Directions for this task: Each line below that includes the word "swap" is to be reported.

Records:
lemma dirichlet_form_scale_right:
  "dirichlet_form Pm q a (\<lambda>z. t * b z) = t * dirichlet_form Pm q a b"
  by (metis dirichlet_form_commute dirichlet_form_scale_left)

lemma dirichlet_form_nonneg:
  assumes "\<And>x. 0 \<le> q x"
  shows "0 \<le> dirichlet_form Pm q a a"
  unfolding dirichlet_form_def by (intro sum_nonneg) (auto simp: assms)

lemma weighted_Cauchy_Schwarz_sum:
  fixes w u v :: "'i \<Rightarrow> real"
  assumes "\<And>i. i \<in> I \<Longrightarrow> 0 \<le> w i"
  shows "\<bar>\<Sum>i\<in>I. w i * (u i * v i)\<bar>
    \<le> sqrt (\<Sum>i\<in>I. w i * (u i * u i)) * sqrt (\<Sum>i\<in>I. w i * (v i * v i))"
proof -
  have "(\<Sum>i\<in>I. w i * (u i * v i))\<^sup>2 = (\<Sum>i\<in>I. (sqrt (w i) * u i) * (sqrt (w i) * v i))\<^sup>2"
    using assms by (intro arg_cong[where f = "\<lambda>s. s\<^sup>2"] sum.cong) (auto simp: algebra_simps)
  also have "\<dots> \<le> (\<Sum>i\<in>I. (sqrt (w i) * u i)\<^sup>2) * (\<Sum>i\<in>I. (sqrt (w i) * v i)\<^sup>2)"
    by (rule Cauchy_Schwarz_ineq_sum)
  also have "\<dots> = (\<Sum>i\<in>I. w i * (u i * u i)) * (\<Sum>i\<in>I. w i * (v i * v i))"
    using assms by (intro arg_cong2[where f = "(*)"] sum.cong) (auto simp: power_mult_distrib power2_eq_square)
  finally show ?thesis
    by (metis real_sqrt_abs real_sqrt_le_mono real_sqrt_mult)
qed

lemma dirichlet_form_Cauchy_Schwarz:
  assumes "\<And>x. 0 \<le> q x"
  shows "\<bar>dirichlet_form Pm q a b\<bar> \<le> sqrt (dirichlet_form Pm q a a) * sqrt (dirichlet_form Pm q b b)"
  unfolding dirichlet_form_def case_prod_unfold
  by (rule weighted_Cauchy_Schwarz_sum) (auto simp: assms)

lemma tendsto_dirichlet_form:
  assumes "\<And>z. ((\<lambda>h. a h z) \<longlongrightarrow> a0 z) F" and "\<And>z. ((\<lambda>h. b h z) \<longlongrightarrow> b0 z) F"
  shows "((\<lambda>h. dirichlet_form Pm q (a h) (b h)) \<longlongrightarrow> dirichlet_form Pm q a0 b0) F"
  unfolding dirichlet_form_def case_prod_unfold by (intro tendsto_intros assms)

lemma gen_eq_sum_diff:
  assumes "stochastic_matrix Pm"
  shows "gen Pm g x = (\<Sum>y\<in>UNIV. Pm x y * (g y - g x))"
proof -
  have "gen Pm g x = (\<Sum>y\<in>UNIV. Pm x y * g y) - (\<Sum>y\<in>UNIV. Pm x y) * g x"
    using assms
    by (simp add: gen_def kappa_def stochastic_matrix_def left_diff_distrib sum_subtractf
        if_distrib[where f = "\<lambda>c. c * _"] cong: if_cong)
  then show ?thesis
    by (simp add: right_diff_distrib sum_subtractf sum_distrib_right)
qed

lemma dirichlet_form_eq_double_sum:
  assumes "stochastic_matrix Pm"
  shows "dirichlet_form Pm q a b =
    (\<Sum>x\<in>UNIV. \<Sum>y\<in>UNIV. q x * Pm x y * ((a y - a x) * (b y - b x))) / 2"
proof -
  have off_edges: "(case e of (x, y) \<Rightarrow> kappa Pm x y * q x / 2 * ((a y - a x) * (b y - b x))) = 0"
    if "e \<notin> {(x, y). kappa Pm x y > 0}" for e
  proof (cases e)
    case (Pair x y)
    with that assms have "x = y \<or> kappa Pm x y = 0"
      by (auto simp: kappa_def stochastic_matrix_def intro: order.antisym)
    then show ?thesis using Pair by auto
  qed
  have "dirichlet_form Pm q a b =
      (\<Sum>(x, y)\<in>UNIV. kappa Pm x y * q x / 2 * ((a y - a x) * (b y - b x)))"
    unfolding dirichlet_form_def by (rule sum.mono_neutral_left) (simp, simp, blast intro: off_edges)
  also have "\<dots> = (\<Sum>(x, y)\<in>UNIV. q x * Pm x y * ((a y - a x) * (b y - b x))) / 2"
    unfolding sum_divide_distrib by (intro sum.cong) (auto simp: kappa_def)
  finally show ?thesis
    by (simp add: sum.cartesian_product UNIV_Times_UNIV[symmetric] del: UNIV_Times_UNIV)
qed

lemma detailed_balance_Pm:
  assumes "\<forall>y z. q y * kappa Pm y z = q z * kappa Pm z y"
  shows "q x * Pm x y = q y * Pm y x"
  using assms[rule_format, of x y] by (cases "x = y") (auto simp: kappa_def)

lemma dirichlet_form_eq_neg_q_inner_gen:
  assumes stoch: "stochastic_matrix Pm"
    and balance: "\<forall>y z. q y * kappa Pm y z = q z * kappa Pm z y"
  shows "dirichlet_form Pm q a b = - q_inner q a (gen Pm b)"
proof -
  define w where "w x y = q x * Pm x y" for x y
  have "(\<Sum>x\<in>UNIV. \<Sum>y\<in>UNIV. w x y * (a y * (b y - b x)))
      = (\<Sum>y\<in>UNIV. \<Sum>x\<in>UNIV. w y x * (a y * (b y - b x)))"
    by (subst sum.swap) (simp add: w_def detailed_balance_Pm[OF balance])
  also have "\<dots> = - (\<Sum>x\<in>UNIV. \<Sum>y\<in>UNIV. w x y * (a x * (b y - b x)))"
    by (simp add: sum_negf[symmetric] algebra_simps)
  finally have swap: "(\<Sum>x\<in>UNIV. \<Sum>y\<in>UNIV. w x y * (a y * (b y - b x)))
      = - (\<Sum>x\<in>UNIV. \<Sum>y\<in>UNIV. w x y * (a x * (b y - b x)))" .
  have gen: "(\<Sum>x\<in>UNIV. \<Sum>y\<in>UNIV. w x y * (a x * (b y - b x))) = q_inner q a (gen Pm b)"
    by (simp add: q_inner_def gen_eq_sum_diff[OF stoch] w_def sum_distrib_left algebra_simps)
  have "dirichlet_form Pm q a b = ((\<Sum>x\<in>UNIV. \<Sum>y\<in>UNIV. w x y * (a y * (b y - b x)))
      - (\<Sum>x\<in>UNIV. \<Sum>y\<in>UNIV. w x y * (a x * (b y - b x)))) / 2"
    by (simp add: dirichlet_form_eq_double_sum[OF stoch] w_def sum_subtractf[symmetric] algebra_simps)
  then show ?thesis
    by (simp add: swap gen)
qed

lemma dirichlet_form_gen_cong:
  assumes "stochastic_matrix Pm" and "\<forall>y z. q y * kappa Pm y z = q z * kappa Pm z y"
    and "gen Pm a = gen Pm b"
  shows "dirichlet_form Pm q a a = dirichlet_form Pm q b b"
  using dirichlet_form_eq_neg_q_inner_gen[OF assms(1,2)] dirichlet_form_commute assms(3) by metis

lemma rho_eq_sqrt_dirichlet_form:
  assumes "stochastic_matrix Pm" and "\<forall>y z. q y * kappa Pm y z = q z * kappa Pm z y"
    and "gen Pm g = (\<lambda>y. c y / q y - p y / q y)"
  shows "rho Pm q c p = sqrt (dirichlet_form Pm q g g)"
proof -
  let ?g = "SOME g. gen Pm g = (\<lambda>y. c y / q y - p y / q y)"
  have "gen Pm ?g = gen Pm g"
    using assms(3) by (metis (mono_tags) someI_ex)
  then have "dirichlet_form Pm q ?g ?g = dirichlet_form Pm q g g"
    by (rule dirichlet_form_gen_cong[OF assms(1,2)])
  then show ?thesis
    using assms(3) by (auto simp: rho_def Hminus1_norm_def grad_L2_norm_eq_sqrt_dirichlet_form)
qed

lemma variance_fun_diff:
  assumes "stochastic_matrix Pm" and "\<forall>y z. q y * kappa Pm y z = q z * kappa Pm z y"
    and "\<And>y. q y \<noteq> 0" and "gen Pm g = (\<lambda>y. c y / q y - p y / q y)"
  shows "variance_fun q c - variance_fun q p =
    - 2 * dirichlet_form Pm q (\<lambda>y. p y / q y) g + q_inner q (gen Pm g) (gen Pm g)"
proof -
  have "variance_fun q c - variance_fun q p = (\<Sum>y\<in>UNIV. q y * (c y / q y)\<^sup>2 - q y * (p y / q y)\<^sup>2)"
    by (simp add: variance_fun_def sum_subtractf)
  also have "\<dots> = 2 * q_inner q (\<lambda>y. p y / q y) (gen Pm g) + q_inner q (gen Pm g) (gen Pm g)"
    unfolding q_inner_def assms(4) sum_distrib_left sum.distrib[symmetric]
    by (rule sum.cong) (simp_all add: assms(3) field_simps power2_eq_square)
  finally show ?thesis
    by (simp add: dirichlet_form_eq_neg_q_inner_gen[OF assms(1,2)])
qed

lemma gen_square_le:
  assumes "stochastic_matrix Pm"
  shows "(gen Pm g x)\<^sup>2 \<le> (\<Sum>y\<in>UNIV. Pm x y * (g y - g x)\<^sup>2)"
proof -
  have nonneg: "\<And>y. 0 \<le> Pm x y" and row: "(\<Sum>y\<in>UNIV. Pm x y) = 1"
    using assms by (auto simp: stochastic_matrix_def)
  have "(gen Pm g x)\<^sup>2 = (\<Sum>y\<in>UNIV. sqrt (Pm x y) * (sqrt (Pm x y) * (g y - g x)))\<^sup>2"
    using nonneg by (simp add: gen_eq_sum_diff[OF assms] mult.assoc[symmetric])
  also have "\<dots> \<le> (\<Sum>y\<in>UNIV. (sqrt (Pm x y))\<^sup>2) * (\<Sum>y\<in>UNIV. (sqrt (Pm x y) * (g y - g x))\<^sup>2)"
    by (rule Cauchy_Schwarz_ineq_sum)
  also have "\<dots> = (\<Sum>y\<in>UNIV. Pm x y * (g y - g x)\<^sup>2)"
    using nonneg row by (simp add: power_mult_distrib)
  finally show ?thesis .
qed

lemma q_inner_gen_le_dirichlet_form:
  assumes "stochastic_matrix Pm" and "\<And>x. 0 \<le> q x"
  shows "q_inner q (gen Pm g) (gen Pm g) \<le> 2 * dirichlet_form Pm q g g"
proof -
  have "q_inner q (gen Pm g) (gen Pm g) = (\<Sum>x\<in>UNIV. q x * (gen Pm g x)\<^sup>2)"
    by (simp add: q_inner_def power2_eq_square mult.assoc)
  also have "\<dots> \<le> (\<Sum>x\<in>UNIV. q x * (\<Sum>y\<in>UNIV. Pm x y * (g y - g x)\<^sup>2))"
    by (intro sum_mono mult_left_mono gen_square_le assms)
  also have "\<dots> = (\<Sum>x\<in>UNIV. \<Sum>y\<in>UNIV. q x * Pm x y * ((g y - g x) * (g y - g x)))"
    by (simp add: sum_distrib_left power2_eq_square mult.assoc)
  also have "\<dots> = 2 * dirichlet_form Pm q g g"
    by (simp add: dirichlet_form_eq_double_sum[OF assms(1)])
  finally show ?thesis .
qed

lemma q_inner_self_nonneg:
  assumes "\<And>x. 0 \<le> q x"
  shows "0 \<le> q_inner q f f"
  unfolding q_inner_def using assms by (intro sum_nonneg) (simp add: mult.assoc)

lemma variance_descent_ratio_ge:
  assumes stoch: "stochastic_matrix Pm"
    and balance: "\<forall>y z. q y * kappa Pm y z = q z * kappa Pm z y"
    and q_pos: "\<And>y. 0 < q y"
  shows "- 2 * sqrt (dirichlet_form Pm q (\<lambda>y. p y / q y) (\<lambda>y. p y / q y))
    \<le> (variance_fun q c - variance_fun q p) / rho Pm q c p"
proof -
  let ?B = "dirichlet_form Pm q" and ?l = "\<lambda>y. p y / q y"
  have q_nonneg: "0 \<le> q x" and q_neq0: "q x \<noteq> 0" for x
    using q_pos[of x] by simp_all
  have B_nonneg: "\<And>a. 0 \<le> ?B a a" by (rule dirichlet_form_nonneg[where q = q, OF q_nonneg])
  show ?thesis
  proof (cases "\<exists>g. gen Pm g = (\<lambda>y. c y / q y - p y / q y)")
    case False
    \<comment> \<open>the H^-1 norm is infinite, and rho takes the junk value real_of_ereal \<infinity> = 0\<close>
    then have "rho Pm q c p = 0" by (simp add: rho_def Hminus1_norm_def)
    then show ?thesis using B_nonneg by simp
  next
    case True
    then obtain g where g: "gen Pm g = (\<lambda>y. c y / q y - p y / q y)" by blast
    have rho: "rho Pm q c p = sqrt (?B g g)"
      by (rule rho_eq_sqrt_dirichlet_form[OF stoch balance g])
    have "- 2 * sqrt (?B ?l ?l) * sqrt (?B g g) \<le> - 2 * ?B ?l g"
      using dirichlet_form_Cauchy_Schwarz[where q = q and Pm = Pm and a = ?l and b = g, OF q_nonneg]
      by linarith
    also have "\<dots> \<le> variance_fun q c - variance_fun q p"
      using variance_fun_diff[OF stoch balance q_neq0 g] q_inner_self_nonneg[where q = q, OF q_nonneg]
      by simp
    finally show ?thesis
      using B_nonneg[of g] B_nonneg[of ?l] by (cases "?B g g = 0") (simp_all add: rho pos_le_divide_eq)
  qed
qed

Task output:
    by (subst sum.swap) (simp add: w_def detailed_balance_Pm[OF balance])
  finally have swap: "(\<Sum>x\<in>UNIV. \<Sum>y\<in>UNIV. w x y * (a y * (b y - b x)))
    by (simp add: swap gen)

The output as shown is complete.